*** Opening of Records for this task ***
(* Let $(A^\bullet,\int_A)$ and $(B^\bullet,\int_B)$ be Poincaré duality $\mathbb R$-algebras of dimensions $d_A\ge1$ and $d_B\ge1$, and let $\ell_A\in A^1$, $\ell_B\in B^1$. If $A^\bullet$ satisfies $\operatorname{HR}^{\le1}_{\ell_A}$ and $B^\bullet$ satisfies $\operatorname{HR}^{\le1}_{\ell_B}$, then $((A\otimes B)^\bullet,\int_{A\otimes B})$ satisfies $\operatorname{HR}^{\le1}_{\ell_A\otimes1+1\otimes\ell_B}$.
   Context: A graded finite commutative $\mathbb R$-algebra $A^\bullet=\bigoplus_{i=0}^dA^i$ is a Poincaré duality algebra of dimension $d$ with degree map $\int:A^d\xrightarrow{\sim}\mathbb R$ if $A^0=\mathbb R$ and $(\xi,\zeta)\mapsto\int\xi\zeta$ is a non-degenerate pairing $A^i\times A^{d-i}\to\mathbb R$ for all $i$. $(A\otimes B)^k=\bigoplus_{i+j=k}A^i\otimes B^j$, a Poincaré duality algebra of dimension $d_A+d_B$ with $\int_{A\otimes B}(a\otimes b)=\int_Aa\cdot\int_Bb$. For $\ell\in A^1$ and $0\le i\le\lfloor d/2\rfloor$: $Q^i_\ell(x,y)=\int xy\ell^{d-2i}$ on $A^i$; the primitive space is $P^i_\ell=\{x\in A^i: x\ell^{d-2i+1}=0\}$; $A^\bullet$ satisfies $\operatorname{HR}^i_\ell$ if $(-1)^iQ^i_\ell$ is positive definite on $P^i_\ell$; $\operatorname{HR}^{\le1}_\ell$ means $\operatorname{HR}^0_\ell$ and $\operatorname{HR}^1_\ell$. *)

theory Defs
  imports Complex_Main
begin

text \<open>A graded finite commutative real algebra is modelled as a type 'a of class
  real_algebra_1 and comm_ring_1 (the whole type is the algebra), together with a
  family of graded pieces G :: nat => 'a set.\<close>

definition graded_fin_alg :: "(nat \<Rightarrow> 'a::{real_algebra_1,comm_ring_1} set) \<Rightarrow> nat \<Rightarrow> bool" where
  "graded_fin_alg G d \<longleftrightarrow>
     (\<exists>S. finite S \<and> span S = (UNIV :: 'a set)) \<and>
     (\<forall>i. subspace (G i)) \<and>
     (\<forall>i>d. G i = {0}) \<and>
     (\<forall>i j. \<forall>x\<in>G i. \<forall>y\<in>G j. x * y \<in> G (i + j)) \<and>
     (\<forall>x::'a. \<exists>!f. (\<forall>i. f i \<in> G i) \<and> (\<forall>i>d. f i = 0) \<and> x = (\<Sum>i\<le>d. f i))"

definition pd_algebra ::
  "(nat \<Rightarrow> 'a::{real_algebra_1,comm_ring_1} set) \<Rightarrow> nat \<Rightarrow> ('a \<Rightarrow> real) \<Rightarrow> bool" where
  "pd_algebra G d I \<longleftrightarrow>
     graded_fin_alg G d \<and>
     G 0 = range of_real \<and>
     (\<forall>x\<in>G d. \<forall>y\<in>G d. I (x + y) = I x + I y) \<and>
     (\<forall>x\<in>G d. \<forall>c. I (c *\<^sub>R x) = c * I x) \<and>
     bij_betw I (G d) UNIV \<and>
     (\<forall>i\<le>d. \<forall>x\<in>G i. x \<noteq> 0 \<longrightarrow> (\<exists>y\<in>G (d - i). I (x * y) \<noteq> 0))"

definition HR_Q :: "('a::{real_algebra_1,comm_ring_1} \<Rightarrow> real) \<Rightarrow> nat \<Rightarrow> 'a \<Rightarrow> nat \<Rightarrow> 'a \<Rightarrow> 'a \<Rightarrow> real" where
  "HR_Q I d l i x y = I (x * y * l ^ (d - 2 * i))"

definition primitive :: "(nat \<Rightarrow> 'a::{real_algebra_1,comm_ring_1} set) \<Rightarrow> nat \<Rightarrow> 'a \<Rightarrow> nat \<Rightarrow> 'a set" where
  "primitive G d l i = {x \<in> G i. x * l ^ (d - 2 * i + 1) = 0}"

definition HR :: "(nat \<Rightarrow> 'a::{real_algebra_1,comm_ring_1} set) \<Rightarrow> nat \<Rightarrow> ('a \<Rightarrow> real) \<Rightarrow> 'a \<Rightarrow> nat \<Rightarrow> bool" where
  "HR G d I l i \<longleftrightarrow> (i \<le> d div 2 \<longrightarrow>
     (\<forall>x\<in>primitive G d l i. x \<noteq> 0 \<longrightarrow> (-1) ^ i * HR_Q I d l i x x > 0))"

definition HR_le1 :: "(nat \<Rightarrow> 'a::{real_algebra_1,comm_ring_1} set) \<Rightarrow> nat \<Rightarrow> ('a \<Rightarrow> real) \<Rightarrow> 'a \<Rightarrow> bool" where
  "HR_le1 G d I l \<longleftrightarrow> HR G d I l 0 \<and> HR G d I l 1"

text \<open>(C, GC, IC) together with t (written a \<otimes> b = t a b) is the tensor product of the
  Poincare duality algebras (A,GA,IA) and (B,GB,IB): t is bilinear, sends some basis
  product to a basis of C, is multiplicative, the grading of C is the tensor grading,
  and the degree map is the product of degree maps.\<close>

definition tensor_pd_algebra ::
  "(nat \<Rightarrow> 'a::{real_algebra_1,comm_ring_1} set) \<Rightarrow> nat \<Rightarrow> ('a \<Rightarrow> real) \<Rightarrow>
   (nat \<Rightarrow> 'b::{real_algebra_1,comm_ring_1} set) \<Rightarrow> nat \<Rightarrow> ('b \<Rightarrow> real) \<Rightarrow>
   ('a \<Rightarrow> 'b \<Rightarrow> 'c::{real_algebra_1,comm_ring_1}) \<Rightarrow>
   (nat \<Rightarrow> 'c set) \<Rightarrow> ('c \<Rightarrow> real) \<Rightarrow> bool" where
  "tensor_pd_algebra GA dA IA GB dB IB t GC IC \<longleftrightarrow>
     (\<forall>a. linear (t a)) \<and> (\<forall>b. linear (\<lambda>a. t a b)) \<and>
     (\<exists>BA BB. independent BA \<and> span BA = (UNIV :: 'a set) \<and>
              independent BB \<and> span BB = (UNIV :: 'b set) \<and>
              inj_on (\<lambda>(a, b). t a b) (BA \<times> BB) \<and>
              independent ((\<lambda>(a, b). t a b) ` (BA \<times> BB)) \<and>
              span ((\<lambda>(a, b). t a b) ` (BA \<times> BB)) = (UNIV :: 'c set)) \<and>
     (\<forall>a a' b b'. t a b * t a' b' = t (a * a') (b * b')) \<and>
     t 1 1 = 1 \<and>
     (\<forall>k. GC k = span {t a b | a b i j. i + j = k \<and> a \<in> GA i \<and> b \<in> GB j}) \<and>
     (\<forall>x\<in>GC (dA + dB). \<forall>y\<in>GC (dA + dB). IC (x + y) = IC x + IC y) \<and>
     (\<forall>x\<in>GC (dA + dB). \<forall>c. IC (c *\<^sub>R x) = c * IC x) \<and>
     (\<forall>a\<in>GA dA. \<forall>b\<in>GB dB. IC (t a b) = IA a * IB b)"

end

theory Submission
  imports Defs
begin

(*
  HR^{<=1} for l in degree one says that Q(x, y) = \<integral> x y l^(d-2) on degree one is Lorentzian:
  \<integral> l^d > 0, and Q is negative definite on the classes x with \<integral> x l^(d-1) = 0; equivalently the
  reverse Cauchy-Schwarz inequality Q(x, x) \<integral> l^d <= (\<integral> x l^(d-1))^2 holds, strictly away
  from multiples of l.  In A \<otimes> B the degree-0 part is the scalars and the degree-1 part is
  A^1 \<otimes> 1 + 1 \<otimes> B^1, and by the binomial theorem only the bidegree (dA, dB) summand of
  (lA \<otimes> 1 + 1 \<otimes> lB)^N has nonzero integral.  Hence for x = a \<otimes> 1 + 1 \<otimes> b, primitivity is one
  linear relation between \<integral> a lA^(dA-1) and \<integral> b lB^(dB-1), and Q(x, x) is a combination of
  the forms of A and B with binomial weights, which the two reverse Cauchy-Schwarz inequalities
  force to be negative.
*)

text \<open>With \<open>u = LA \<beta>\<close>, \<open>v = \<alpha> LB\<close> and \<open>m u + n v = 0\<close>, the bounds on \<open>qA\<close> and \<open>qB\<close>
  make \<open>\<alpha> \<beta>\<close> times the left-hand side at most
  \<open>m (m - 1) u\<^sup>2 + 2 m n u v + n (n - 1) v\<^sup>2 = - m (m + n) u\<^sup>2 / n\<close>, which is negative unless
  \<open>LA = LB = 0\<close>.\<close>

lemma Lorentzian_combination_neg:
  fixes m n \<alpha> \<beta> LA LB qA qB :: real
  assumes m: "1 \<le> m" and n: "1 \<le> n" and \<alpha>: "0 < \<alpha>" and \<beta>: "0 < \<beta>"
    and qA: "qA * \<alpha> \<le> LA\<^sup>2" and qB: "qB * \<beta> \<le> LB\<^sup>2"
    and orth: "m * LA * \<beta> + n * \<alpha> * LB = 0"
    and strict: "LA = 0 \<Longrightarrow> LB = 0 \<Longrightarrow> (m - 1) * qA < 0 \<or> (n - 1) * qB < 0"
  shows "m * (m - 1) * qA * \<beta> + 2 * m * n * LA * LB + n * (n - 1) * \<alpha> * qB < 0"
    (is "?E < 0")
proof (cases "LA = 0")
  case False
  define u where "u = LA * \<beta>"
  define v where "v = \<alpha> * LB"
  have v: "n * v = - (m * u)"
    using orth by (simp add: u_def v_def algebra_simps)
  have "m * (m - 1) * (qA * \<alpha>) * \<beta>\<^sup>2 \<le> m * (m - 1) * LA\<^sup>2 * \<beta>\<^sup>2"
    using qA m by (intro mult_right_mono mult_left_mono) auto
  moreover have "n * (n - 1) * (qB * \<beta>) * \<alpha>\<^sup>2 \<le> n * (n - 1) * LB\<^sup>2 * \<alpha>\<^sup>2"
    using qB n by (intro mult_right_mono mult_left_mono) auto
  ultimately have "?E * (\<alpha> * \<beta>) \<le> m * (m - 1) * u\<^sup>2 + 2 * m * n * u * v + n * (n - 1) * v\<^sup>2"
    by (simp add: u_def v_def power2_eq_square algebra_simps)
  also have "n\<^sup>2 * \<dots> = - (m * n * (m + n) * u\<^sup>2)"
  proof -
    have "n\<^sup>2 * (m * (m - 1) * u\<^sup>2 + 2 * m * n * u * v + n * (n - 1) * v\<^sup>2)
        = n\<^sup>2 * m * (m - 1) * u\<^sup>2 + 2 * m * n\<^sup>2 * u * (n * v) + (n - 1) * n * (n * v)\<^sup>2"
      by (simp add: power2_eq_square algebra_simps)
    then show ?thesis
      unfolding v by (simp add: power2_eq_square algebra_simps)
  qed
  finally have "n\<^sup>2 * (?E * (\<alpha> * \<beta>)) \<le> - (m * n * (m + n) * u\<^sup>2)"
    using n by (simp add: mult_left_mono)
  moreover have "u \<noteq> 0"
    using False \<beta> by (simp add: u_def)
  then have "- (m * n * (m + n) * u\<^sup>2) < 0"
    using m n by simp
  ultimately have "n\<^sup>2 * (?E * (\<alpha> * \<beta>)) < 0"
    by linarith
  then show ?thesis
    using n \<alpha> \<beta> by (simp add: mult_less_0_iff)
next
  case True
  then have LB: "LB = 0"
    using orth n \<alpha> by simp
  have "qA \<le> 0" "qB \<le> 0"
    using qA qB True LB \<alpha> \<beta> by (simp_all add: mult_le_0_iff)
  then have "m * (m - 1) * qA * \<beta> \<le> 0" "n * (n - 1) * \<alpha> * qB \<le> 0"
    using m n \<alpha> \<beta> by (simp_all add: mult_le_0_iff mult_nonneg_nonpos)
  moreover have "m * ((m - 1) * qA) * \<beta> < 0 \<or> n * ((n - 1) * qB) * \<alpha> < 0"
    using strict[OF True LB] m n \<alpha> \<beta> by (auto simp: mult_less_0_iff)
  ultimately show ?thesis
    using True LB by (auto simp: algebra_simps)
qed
*** Close of Records for this task ***
*** Opening of Records for this task ***
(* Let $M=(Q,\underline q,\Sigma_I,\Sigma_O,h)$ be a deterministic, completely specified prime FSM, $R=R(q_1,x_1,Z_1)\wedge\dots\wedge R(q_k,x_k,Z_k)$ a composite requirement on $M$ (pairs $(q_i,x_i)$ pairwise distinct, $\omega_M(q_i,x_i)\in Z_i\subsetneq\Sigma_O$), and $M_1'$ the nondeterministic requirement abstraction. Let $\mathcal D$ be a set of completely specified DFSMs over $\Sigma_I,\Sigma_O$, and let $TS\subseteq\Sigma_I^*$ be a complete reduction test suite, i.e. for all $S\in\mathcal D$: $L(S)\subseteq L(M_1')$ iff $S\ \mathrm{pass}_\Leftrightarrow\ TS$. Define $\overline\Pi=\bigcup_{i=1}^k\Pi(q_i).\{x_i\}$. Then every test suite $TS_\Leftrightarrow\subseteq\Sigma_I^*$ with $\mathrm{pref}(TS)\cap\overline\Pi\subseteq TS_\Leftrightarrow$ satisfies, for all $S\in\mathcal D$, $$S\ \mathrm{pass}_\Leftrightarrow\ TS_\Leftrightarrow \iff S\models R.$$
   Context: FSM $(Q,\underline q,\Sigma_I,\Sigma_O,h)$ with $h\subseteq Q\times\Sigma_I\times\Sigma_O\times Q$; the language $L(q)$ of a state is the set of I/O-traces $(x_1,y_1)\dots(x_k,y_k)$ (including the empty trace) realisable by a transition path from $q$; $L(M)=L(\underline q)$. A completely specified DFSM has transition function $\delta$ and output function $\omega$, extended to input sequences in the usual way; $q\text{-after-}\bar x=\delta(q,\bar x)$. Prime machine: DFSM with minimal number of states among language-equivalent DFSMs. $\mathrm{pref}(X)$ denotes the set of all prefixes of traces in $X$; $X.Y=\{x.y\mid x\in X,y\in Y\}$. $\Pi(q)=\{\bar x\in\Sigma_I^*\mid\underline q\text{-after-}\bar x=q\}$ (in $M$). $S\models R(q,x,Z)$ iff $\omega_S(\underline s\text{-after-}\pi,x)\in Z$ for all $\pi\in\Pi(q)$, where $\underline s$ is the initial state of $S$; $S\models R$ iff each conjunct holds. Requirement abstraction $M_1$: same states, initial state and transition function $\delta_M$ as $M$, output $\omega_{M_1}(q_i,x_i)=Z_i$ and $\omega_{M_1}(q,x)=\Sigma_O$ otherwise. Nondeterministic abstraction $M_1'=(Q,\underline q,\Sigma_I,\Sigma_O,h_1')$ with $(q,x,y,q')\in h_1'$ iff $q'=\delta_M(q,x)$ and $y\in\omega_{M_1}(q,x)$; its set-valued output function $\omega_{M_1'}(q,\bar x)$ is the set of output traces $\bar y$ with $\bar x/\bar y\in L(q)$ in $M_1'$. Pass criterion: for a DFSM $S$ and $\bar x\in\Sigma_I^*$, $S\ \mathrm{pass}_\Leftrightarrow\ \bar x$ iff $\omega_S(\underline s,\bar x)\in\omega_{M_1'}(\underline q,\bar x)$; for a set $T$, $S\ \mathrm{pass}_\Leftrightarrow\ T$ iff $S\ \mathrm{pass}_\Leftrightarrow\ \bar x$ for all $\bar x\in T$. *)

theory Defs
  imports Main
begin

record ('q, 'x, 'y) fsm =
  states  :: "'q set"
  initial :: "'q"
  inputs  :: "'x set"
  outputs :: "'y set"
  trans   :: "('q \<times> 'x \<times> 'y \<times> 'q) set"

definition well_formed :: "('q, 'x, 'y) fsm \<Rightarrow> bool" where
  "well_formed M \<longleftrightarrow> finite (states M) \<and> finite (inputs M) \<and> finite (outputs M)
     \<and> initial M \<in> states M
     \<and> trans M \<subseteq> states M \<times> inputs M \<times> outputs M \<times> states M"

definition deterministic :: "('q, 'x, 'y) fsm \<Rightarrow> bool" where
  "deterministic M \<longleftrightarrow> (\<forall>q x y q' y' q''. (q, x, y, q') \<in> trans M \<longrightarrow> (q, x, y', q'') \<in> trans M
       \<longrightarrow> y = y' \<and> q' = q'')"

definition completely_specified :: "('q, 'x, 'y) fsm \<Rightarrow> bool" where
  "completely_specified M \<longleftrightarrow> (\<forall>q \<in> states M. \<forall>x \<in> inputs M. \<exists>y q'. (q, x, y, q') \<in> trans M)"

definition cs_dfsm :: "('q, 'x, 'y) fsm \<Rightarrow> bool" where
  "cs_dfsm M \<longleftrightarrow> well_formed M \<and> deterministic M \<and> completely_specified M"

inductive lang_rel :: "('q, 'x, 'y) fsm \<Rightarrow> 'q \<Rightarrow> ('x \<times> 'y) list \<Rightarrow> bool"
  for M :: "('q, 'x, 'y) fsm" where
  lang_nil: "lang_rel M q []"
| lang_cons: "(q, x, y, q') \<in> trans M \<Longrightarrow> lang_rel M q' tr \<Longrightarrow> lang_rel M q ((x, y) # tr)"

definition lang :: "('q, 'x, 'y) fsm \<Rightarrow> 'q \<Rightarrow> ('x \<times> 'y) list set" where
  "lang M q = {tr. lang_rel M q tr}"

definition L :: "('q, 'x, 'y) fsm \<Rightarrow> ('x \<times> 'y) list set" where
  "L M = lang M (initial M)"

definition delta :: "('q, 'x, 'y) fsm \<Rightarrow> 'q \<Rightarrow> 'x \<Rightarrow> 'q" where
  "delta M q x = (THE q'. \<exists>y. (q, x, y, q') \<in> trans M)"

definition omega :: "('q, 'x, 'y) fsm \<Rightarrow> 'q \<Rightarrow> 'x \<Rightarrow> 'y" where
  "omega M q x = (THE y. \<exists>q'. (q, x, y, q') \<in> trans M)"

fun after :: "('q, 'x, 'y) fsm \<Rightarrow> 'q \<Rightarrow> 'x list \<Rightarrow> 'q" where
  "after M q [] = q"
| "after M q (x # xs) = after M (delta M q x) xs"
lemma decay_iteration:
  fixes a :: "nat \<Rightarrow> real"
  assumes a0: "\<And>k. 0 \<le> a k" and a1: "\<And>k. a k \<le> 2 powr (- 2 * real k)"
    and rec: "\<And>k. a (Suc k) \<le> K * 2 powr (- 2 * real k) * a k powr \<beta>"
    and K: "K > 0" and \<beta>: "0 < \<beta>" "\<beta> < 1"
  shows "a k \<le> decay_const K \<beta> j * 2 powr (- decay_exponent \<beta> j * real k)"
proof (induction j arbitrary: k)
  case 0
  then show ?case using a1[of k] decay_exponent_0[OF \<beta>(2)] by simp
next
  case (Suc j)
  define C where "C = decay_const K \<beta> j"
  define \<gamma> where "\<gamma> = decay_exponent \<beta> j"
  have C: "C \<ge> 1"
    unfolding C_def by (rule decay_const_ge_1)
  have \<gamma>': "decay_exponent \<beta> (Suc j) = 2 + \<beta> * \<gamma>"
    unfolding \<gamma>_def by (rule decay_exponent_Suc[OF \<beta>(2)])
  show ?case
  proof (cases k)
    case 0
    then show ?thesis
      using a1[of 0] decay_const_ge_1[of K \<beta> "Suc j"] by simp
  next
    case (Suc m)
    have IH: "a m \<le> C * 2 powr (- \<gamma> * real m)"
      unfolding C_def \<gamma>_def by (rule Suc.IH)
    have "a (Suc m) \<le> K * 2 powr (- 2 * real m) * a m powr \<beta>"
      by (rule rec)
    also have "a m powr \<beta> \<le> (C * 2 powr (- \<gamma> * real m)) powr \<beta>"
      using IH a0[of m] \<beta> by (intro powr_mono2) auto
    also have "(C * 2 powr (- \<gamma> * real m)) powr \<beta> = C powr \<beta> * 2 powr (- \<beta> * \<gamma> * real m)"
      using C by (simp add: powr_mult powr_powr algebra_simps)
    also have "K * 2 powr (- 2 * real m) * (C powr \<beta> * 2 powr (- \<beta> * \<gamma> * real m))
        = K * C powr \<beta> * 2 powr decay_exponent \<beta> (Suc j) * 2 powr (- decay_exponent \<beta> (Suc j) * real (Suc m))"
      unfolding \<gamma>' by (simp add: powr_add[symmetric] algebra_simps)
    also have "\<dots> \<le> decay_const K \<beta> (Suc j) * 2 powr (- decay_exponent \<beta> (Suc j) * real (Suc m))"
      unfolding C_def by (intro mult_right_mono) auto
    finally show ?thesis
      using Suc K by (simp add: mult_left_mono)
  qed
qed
*** Close of Records for this task ***
Task brief: The output should be exactly the lines above from the line containing "(\<forall>a\<in>GA dA. \<forall>b\<in>GB" to the line containing "is negative unless", inclusive, with no other lines.

Answer to this problem:
     (\<forall>a\<in>GA dA. \<forall>b\<in>GB dB. IC (t a b) = IA a * IB b)"

end

theory Submission
  imports Defs
begin

(*
  HR^{<=1} for l in degree one says that Q(x, y) = \<integral> x y l^(d-2) on degree one is Lorentzian:
  \<integral> l^d > 0, and Q is negative definite on the classes x with \<integral> x l^(d-1) = 0; equivalently the
  reverse Cauchy-Schwarz inequality Q(x, x) \<integral> l^d <= (\<integral> x l^(d-1))^2 holds, strictly away
  from multiples of l.  In A \<otimes> B the degree-0 part is the scalars and the degree-1 part is
  A^1 \<otimes> 1 + 1 \<otimes> B^1, and by the binomial theorem only the bidegree (dA, dB) summand of
  (lA \<otimes> 1 + 1 \<otimes> lB)^N has nonzero integral.  Hence for x = a \<otimes> 1 + 1 \<otimes> b, primitivity is one
  linear relation between \<integral> a lA^(dA-1) and \<integral> b lB^(dB-1), and Q(x, x) is a combination of
  the forms of A and B with binomial weights, which the two reverse Cauchy-Schwarz inequalities
  force to be negative.
*)

text \<open>With \<open>u = LA \<beta>\<close>, \<open>v = \<alpha> LB\<close> and \<open>m u + n v = 0\<close>, the bounds on \<open>qA\<close> and \<open>qB\<close>
  make \<open>\<alpha> \<beta>\<close> times the left-hand side at most
  \<open>m (m - 1) u\<^sup>2 + 2 m n u v + n (n - 1) v\<^sup>2 = - m (m + n) u\<^sup>2 / n\<close>, which is negative unless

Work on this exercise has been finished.